CPC pricing is adjusted so that one pays the minimum amount required to have a rank number just slightly above your nearest competitor. To calculate, we take the rank number of the nearest competitor (lower than you), and increase it by a tiny fraction. Then, using that 'new' rank number and your existing CTR, we calculate your CPC.

To simplify, essentially your CPC = 'new' rank number divided by your CTR.

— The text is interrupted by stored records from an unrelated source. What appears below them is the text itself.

(* Let $x:M^n\to\mathbb{R}^{n+1}$ be a locally strongly convex centroaffine hypersurface, and suppose there is a non-constant smooth function $\mu$ on $M^n$ such that $(\hat\nabla_ZK)(X,Y)=\mu\big(h(X,Y)Z+h(X,Z)Y+h(Y,Z)X\big)$ for all tangent vectors $X,Y,Z$ at every point. Let $p\in M^n$ be a point with $d\mu_p\ne0$, and let $\{e_1,\dots,e_n\}$ be an $h$-orthonormal basis of $T_pM^n$ such that $e_1$ maximizes $f(u)=h(K_uu,u)$ over the $h$-unit vectors $u\in T_pM^n$, $K_{e_1}e_i=\lambda_ie_i$ for all $i$, and $\lambda_1\ge2\lambda_i$ for $i\ge2$ (with $f(e_i)=0$ if $\lambda_1=2\lambda_i$). Then $$K_{e_1}e_1=\lambda_1e_1,\quad K_{e_1}e_i=\lambda_ie_i,\quad K_{e_i}e_j=\lambda_i\delta_{ij}e_1,\quad i,j=2,\dots,n.$$
   Context: A centroaffine hypersurface is an immersion $x:M^n\to\mathbb{R}^{n+1}$ whose position vector is everywhere transversal to the tangent space; with $D$ the flat connection of $\mathbb{R}^{n+1}$, $D_Xx_*(Y)=x_*(\nabla_XY)+h(X,Y)(-\varepsilon x)$, $\varepsilon=\pm1$, defines the induced connection $\nabla$ and centroaffine metric $h$. Locally strongly convex means $h$ definite, and $\varepsilon$ is chosen so that $h$ is positive definite. $\hat\nabla$ is the Levi-Civita connection of $h$ and $K_XY=\nabla_XY-\hat\nabla_XY$ the difference tensor. *)

theory Defs
  imports "HOL-Analysis.Analysis"
begin

text \<open>Local chart model: the hypersurface is given on an open set U of real^'n
  (coordinates on M^n); tangent vectors at a point are elements of real^'n.\<close>

definition dd :: "('a::real_normed_vector \<Rightarrow> 'b::real_normed_vector) \<Rightarrow> 'a \<Rightarrow> 'a \<Rightarrow> 'b" where
  "dd F v = (\<lambda>p. frechet_derivative F (at p) v)"

fun iter_dd :: "('a::real_normed_vector \<Rightarrow> 'b::real_normed_vector) \<Rightarrow> 'a list \<Rightarrow> 'a \<Rightarrow> 'b" where
  "iter_dd F [] = F"
| "iter_dd F (v # vs) = dd (iter_dd F vs) v"

definition smooth_on :: "'a::real_normed_vector set \<Rightarrow> ('a \<Rightarrow> 'b::real_normed_vector) \<Rightarrow> bool" where
  "smooth_on U F \<longleftrightarrow> (\<forall>vs. iter_dd F vs differentiable_on U)"

text \<open>Difference tensor K = nabla - hat nabla.\<close>
definition diffK :: "('a \<Rightarrow> 'a \<Rightarrow> 'a \<Rightarrow> 'a::real_vector) \<Rightarrow> ('a \<Rightarrow> 'a \<Rightarrow> 'a \<Rightarrow> 'a) \<Rightarrow> 'a \<Rightarrow> 'a \<Rightarrow> 'a \<Rightarrow> 'a" where
  "diffK Gam Gh p X Y = Gam p X Y - Gh p X Y"

text \<open>(hat nabla_Z K)(X,Y) at p, computed with the constant (coordinate) extensions of X, Y.\<close>
definition covK :: "('a::real_normed_vector \<Rightarrow> 'a \<Rightarrow> 'a \<Rightarrow> 'a) \<Rightarrow> ('a \<Rightarrow> 'a \<Rightarrow> 'a \<Rightarrow> 'a) \<Rightarrow> 'a \<Rightarrow> 'a \<Rightarrow> 'a \<Rightarrow> 'a \<Rightarrow> 'a" where
  "covK Gam Gh p Z X Y =
     frechet_derivative (\<lambda>q. diffK Gam Gh q X Y) (at p) Z + Gh p Z (diffK Gam Gh p X Y)
     - diffK Gam Gh p (Gh p Z X) Y - diffK Gam Gh p X (Gh p Z Y)"

end

theory Submission
  imports Defs
begin

text \<open>In a chart the structure equation writes the second derivatives of \<open>x\<close> as
  \<open>dx(\<nabla>\<^sub>XY) - \<epsilon> h(X,Y) x\<close>. By transversality, the symmetry of the second and third
  derivatives of \<open>x\<close> yields the symmetry and bilinearity of \<open>\<nabla>\<close> and \<open>h\<close>, the Gauss and
  Codazzi equations, and the total symmetry of the cubic form \<open>h(K(X,Y),Z)\<close>.
  Differentiating the hypothesis on the Levi-Civita derivative of \<open>K\<close> once more and alternating
  gives the Ricci identity \<open>R(W,Z)\<cdot>K = d\<mu>(W) S(Z,\<cdot>,\<cdot>) - d\<mu>(Z) S(W,\<cdot>,\<cdot>)\<close>, where
  \<open>S(Z,X,Y) = h(X,Y)Z + h(X,Z)Y + h(Y,Z)X\<close> and, by the Gauss equation, the Levi-Civita curvature is
  \<open>R(W,Z) = \<epsilon>(W h(Z,\<cdot>) - Z h(W,\<cdot>)) - [K\<^sub>W,K\<^sub>Z]\<close>.
  Evaluated on the eigenframe of \<open>K\<^sub>e\<^sub>1\<close> it shows \<open>d\<mu> = d\<mu>(e\<^sub>1) h(e\<^sub>1,\<cdot>)\<close>, so
  \<open>d\<mu>(e\<^sub>1) \<noteq> 0\<close>, and \<open>(\<lambda>\<^sub>1 - 2\<lambda>\<^sub>i)(\<lambda>\<^sub>i(\<lambda>\<^sub>1 - \<lambda>\<^sub>i) - \<epsilon>) = d\<mu>(e\<^sub>1)\<close> for \<open>i \<ge> 2\<close>;
  two further instances then force \<open>h(K(e\<^sub>i,e\<^sub>j),e\<^sub>k) = 0\<close> for \<open>i, j, k \<ge> 2\<close>.\<close>

section \<open>Directional derivatives\<close>

lemma dd_eqI:
  assumes "(F has_derivative F') (at q)"
  shows "dd F v q = F' v"
  using frechet_derivative_at[OF assms] unfolding dd_def by simp

lemma has_derivative_dd:
  assumes "F differentiable at q"
  shows "(F has_derivative (\<lambda>v. dd F v q)) (at q)"
  unfolding dd_def by (metis assms frechet_derivative_works)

In Advertiser 123's example, rank number and position look like this:

A sets maximum Bid at $1.00 CTR 3% - Rank number = 3, and Position = 1
B sets his maximum Bid at $0.70 CTR 2% - Rank number = 1.4, and Position = 2
C sets his maximum Bid at $0.50 CTR 1% - Rank number = 0.5, and Position = 3
D last bidder maximum Bid at $0.10 CTR 1% - Rank number = 0.1, and Position = 4

In terms of each advertiser's CPC in the above example, it looks like this:

A sets maximum Bid at $1.00 CTR 3% - CPC paid = 47 cents
B sets his maximum Bid at $0.70 CTR 2% - CPC paid = 26 cents
C sets his maximum Bid at $0.50 CTR 1% - CPC paid = 11 cents
D last bidder maximum Bid at $0.10 CTR 1% - CPC paid = 05 cents (minimum CPC)

With all that said, I feel that the above information is of limited practical value, beyond simply understanding how it works. I say this because:

* positioning is variable, and literally changes from one moment to the next. So calculating it gives one information that is outdated long before you've even finished the calculation.

* the calculation also requires that you know your competitor's CTR, in order to figure our their rank number. However, this information is the confidential 'property' of your competitor.

When all is said and done, it boils down to focusing on creating well targeted ads & keywords that get great clickthrough rates, then using a competitive Maximum CPC.

I hope that this info will prove useful, and I do regret that it was so long in coming.